══ Working data
(* Let $p$ be an odd prime and let $c$ be an integer such that $-c-1$ is a quadratic nonresidue modulo $p$. For every integer $n \ge 1$ define $$q_n = \left\lfloor \frac{(p-1)!\,(n^2 + c)}{p} \right\rfloor.$$ Then for all $n \ge 1$, $q_n$ has a prime factor smaller than $p$, and therefore $q_n$ is composite.
   Formalization: The conclusion that $q_n$ is composite is drawn only for those $n \ge 1$ with $q_n \ge p$. The statement above fails without it. *)

theory Defs
  imports Complex_Main "HOL-Number_Theory.Number_Theory"
begin

definition composite_int :: "int \<Rightarrow> bool" where
  "composite_int m \<longleftrightarrow> m > 1 \<and> \<not> prime m"

definition qseq :: "nat \<Rightarrow> int \<Rightarrow> nat \<Rightarrow> int" where
  "qseq p c n = \<lfloor>real (fact (p - 1)) * (real n ^ 2 + real_of_int c) / real p\<rfloor>"

end

theory Submission
  imports Defs
begin

text \<open>
  Write \<open>(p-1)! (n\<^sup>2 + c) = p q\<^sub>n + r\<close> with \<open>0 \<le> r < p\<close>. By Wilson's theorem
  \<open>r \<equiv> -(n\<^sup>2 + c) (mod p)\<close>, so \<open>r = 1\<close> would make \<open>-c-1\<close> the square \<open>n\<^sup>2\<close> modulo \<open>p\<close>.
  If \<open>r = 0\<close> then \<open>p\<close> divides \<open>n\<^sup>2 + c\<close> and \<open>q\<^sub>n\<close> is a multiple of \<open>(p-1)!\<close>, hence even.
  If \<open>2 \<le> r < p\<close> then \<open>r\<close> divides \<open>(p-1)!\<close> and is prime to \<open>p\<close>, so \<open>r\<close> divides \<open>q\<^sub>n\<close>,
  and every prime factor of \<open>r\<close> is smaller than \<open>p\<close>.
\<close>

lemma qseq_eq_div: "qseq p c n = (fact (p - 1) * (int n ^ 2 + c)) div int p"
proof -
  have "real (fact (p - 1)) * (real n ^ 2 + real_of_int c) / real p
        = real_of_int (fact (p - 1) * (int n ^ 2 + c)) / real_of_int (int p)"
    by simp
  then show ?thesis unfolding qseq_def by (simp only: floor_divide_of_int_eq)
qed

lemma int_dvd_fact:
  assumes "1 \<le> k" "k \<le> n"
  shows "int k dvd fact n"
proof -
  have "int k dvd int (fact n)"
    using dvd_fact[OF assms] by (simp only: of_nat_dvd_iff)
  then show ?thesis
    by simp
qed

lemma fact_mult_cong_uminus:
  assumes "prime p"
  shows "[fact (p - 1) * m = - m] (mod int p)"
  using cong_scalar_right[OF wilson_theorem[OF assms], of m] by simp

lemma even_fact_mult_div_prime:
  fixes m :: int
  assumes "prime p" "p \<ge> 3" "int p dvd fact (p - 1) * m"
  shows "even ((fact (p - 1) * m) div int p)"
proof -
  have "int p dvd fact (p - 1) * m + m"
    using fact_mult_cong_uminus[OF assms(1), of m] by (simp add: cong_iff_dvd_diff)
  then have "int p dvd m"
    using assms(3) by (simp add: dvd_add_right_iff)
  then obtain k where "m = int p * k" ..
  then have "(fact (p - 1) * m) div int p = fact (p - 1) * k"
    using assms(2) by (simp add: mult.left_commute)
  moreover have "int 2 dvd fact (p - 1)"
    using assms(2) by (intro int_dvd_fact) auto
  ultimately show ?thesis by simp
qed

lemma remainder_dvd_fact_mult_div_prime:
  fixes p :: nat and m :: int
  defines "r \<equiv> (fact (p - 1) * m) mod int p"
  assumes "prime p" "r \<noteq> 0"
  shows "r dvd (fact (p - 1) * m) div int p"
proof -
  have r_bounds: "0 < r" "r < int p"
    using assms(2,3) prime_gt_0_nat[OF assms(2)] unfolding r_def
    by (auto simp: order.not_eq_order_implies_strict)
  have "int (nat r) dvd fact (p - 1)"
    using r_bounds by (intro int_dvd_fact) auto
  then have "r dvd fact (p - 1)"
    using r_bounds by simp
  moreover have "int p * ((fact (p - 1) * m) div int p) = fact (p - 1) * m - r"
    unfolding r_def by (simp add: minus_mod_eq_mult_div)
  ultimately have "r dvd int p * ((fact (p - 1) * m) div int p)"
    by simp
  moreover have "coprime (int p) r"
    using assms(2) r_bounds by (intro prime_imp_coprime) (auto dest: zdvd_not_zless)
  ultimately show ?thesis
    by (simp add: coprime_commute coprime_dvd_mult_right_iff)
qed

lemma small_prime_dvd_fact_mult_div_prime:
  fixes m :: int
  assumes "prime p" "odd p" "\<not> [fact (p - 1) * m = 1] (mod int p)"
  shows "\<exists>l. prime l \<and> l < p \<and> int l dvd (fact (p - 1) * m) div int p"
proof -
  define r where "r = (fact (p - 1) * m) mod int p"
  have p_ge_3: "p \<ge> 3"
    using assms(1,2) prime_ge_2_nat[OF assms(1)] by (cases "p = 2") auto
  have "0 \<le> r" "r < int p" "r \<noteq> 1"
    using assms(3) p_ge_3 unfolding r_def cong_def by auto
  then consider "r = 0" | "r \<ge> 2" "r < int p"
    by linarith
  then show ?thesis
  proof cases
    case 1
    then have "int p dvd fact (p - 1) * m"
      unfolding r_def by (rule mod_0_imp_dvd)
    then have "int 2 dvd (fact (p - 1) * m) div int p"
      using even_fact_mult_div_prime[OF assms(1) p_ge_3] by simp
    then show ?thesis
      using p_ge_3 by (intro exI[of _ 2]) simp
  next
    case 2
    have "nat r \<noteq> 1"
      using 2 by simp
    then obtain l where l: "prime l" "l dvd nat r"
      using prime_factor_nat by blast
    have "l \<le> nat r"
      using l(2) 2 by (intro dvd_imp_le) auto
    then have "l < p"
      using 2 by linarith
    have "int l dvd int (nat r)"
      using l(2) by (simp only: of_nat_dvd_iff)
    also have "int (nat r) = r"
      using 2 by simp
    also have "r dvd (fact (p - 1) * m) div int p"
      using remainder_dvd_fact_mult_div_prime[OF assms(1), of m] 2 unfolding r_def by simp
    finally show ?thesis
      using l(1) \<open>l < p\<close> by (intro exI[of _ l] conjI)
  qed
qed

lemma not_cong_square_if_Legendre_eq_neg_1:
  assumes "Legendre a m = -1"
  shows "\<not> [x\<^sup>2 = a] (mod m)"
proof
  assume "[x\<^sup>2 = a] (mod m)"
  then have "QuadRes m a"
    unfolding QuadRes_def by blast
  then show False
    using assms unfolding Legendre_def by (auto split: if_splits)
qed

lemma composite_if_proper_prime_dvd:
  assumes "prime l" "int l dvd q" "int l < q"
  shows "composite_int q"
  using assms primes_dvd_imp_eq[of "int l" q] prime_gt_1_nat[OF assms(1)]
  unfolding composite_int_def by auto

theorem theorem12:
  fixes p :: nat and c :: int
  assumes "prime p" and "odd p"
    and "Legendre (- c - 1) (int p) = -1"
  shows "\<forall>n::nat. n \<ge> 1 \<longrightarrow>
           (\<exists>l::nat. prime l \<and> l < p \<and> int l dvd qseq p c n) \<and>
           (qseq p c n \<ge> int p \<longrightarrow> composite_int (qseq p c n))"
proof (intro allI impI conjI)
  fix n :: nat
  have "\<not> [int n ^ 2 = - c - 1] (mod int p)"
    using not_cong_square_if_Legendre_eq_neg_1[OF assms(3)] .
  moreover have "- (int n ^ 2 + c) - 1 = - (int n ^ 2 - (- c - 1))"
    by simp
  ultimately have "\<not> [- (int n ^ 2 + c) = 1] (mod int p)"
    by (simp only: cong_iff_dvd_diff dvd_minus_iff not_False_eq_True)
  then have "\<not> [fact (p - 1) * (int n ^ 2 + c) = 1] (mod int p)"
    using cong_trans[OF cong_sym[OF fact_mult_cong_uminus[OF assms(1)]]] by blast
  then obtain l where l: "prime l" "l < p" "int l dvd qseq p c n"
    using small_prime_dvd_fact_mult_div_prime[OF assms(1,2)] unfolding qseq_eq_div by blast
  then show "\<exists>l. prime l \<and> l < p \<and> int l dvd qseq p c n"
    by blast
  assume "qseq p c n \<ge> int p"
  with l(2) have "int l < qseq p c n"
    by linarith
  with l(1,3) show "composite_int (qseq p c n)"
    by (rule composite_if_proper_prime_dvd)
qed

end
════
Task item
Search the entries for the string "auto". Copy every line that has it.

Answer for the task
    using assms(2) by (intro int_dvd_fact) auto
    by (auto simp: order.not_eq_order_implies_strict)
    using r_bounds by (intro int_dvd_fact) auto
    using assms(2) r_bounds by (intro prime_imp_coprime) (auto dest: zdvd_not_zless)
    using assms(1,2) prime_ge_2_nat[OF assms(1)] by (cases "p = 2") auto
    using assms(3) p_ge_3 unfolding r_def cong_def by auto
      using l(2) 2 by (intro dvd_imp_le) auto
    using assms unfolding Legendre_def by (auto split: if_splits)
  unfolding composite_int_def by auto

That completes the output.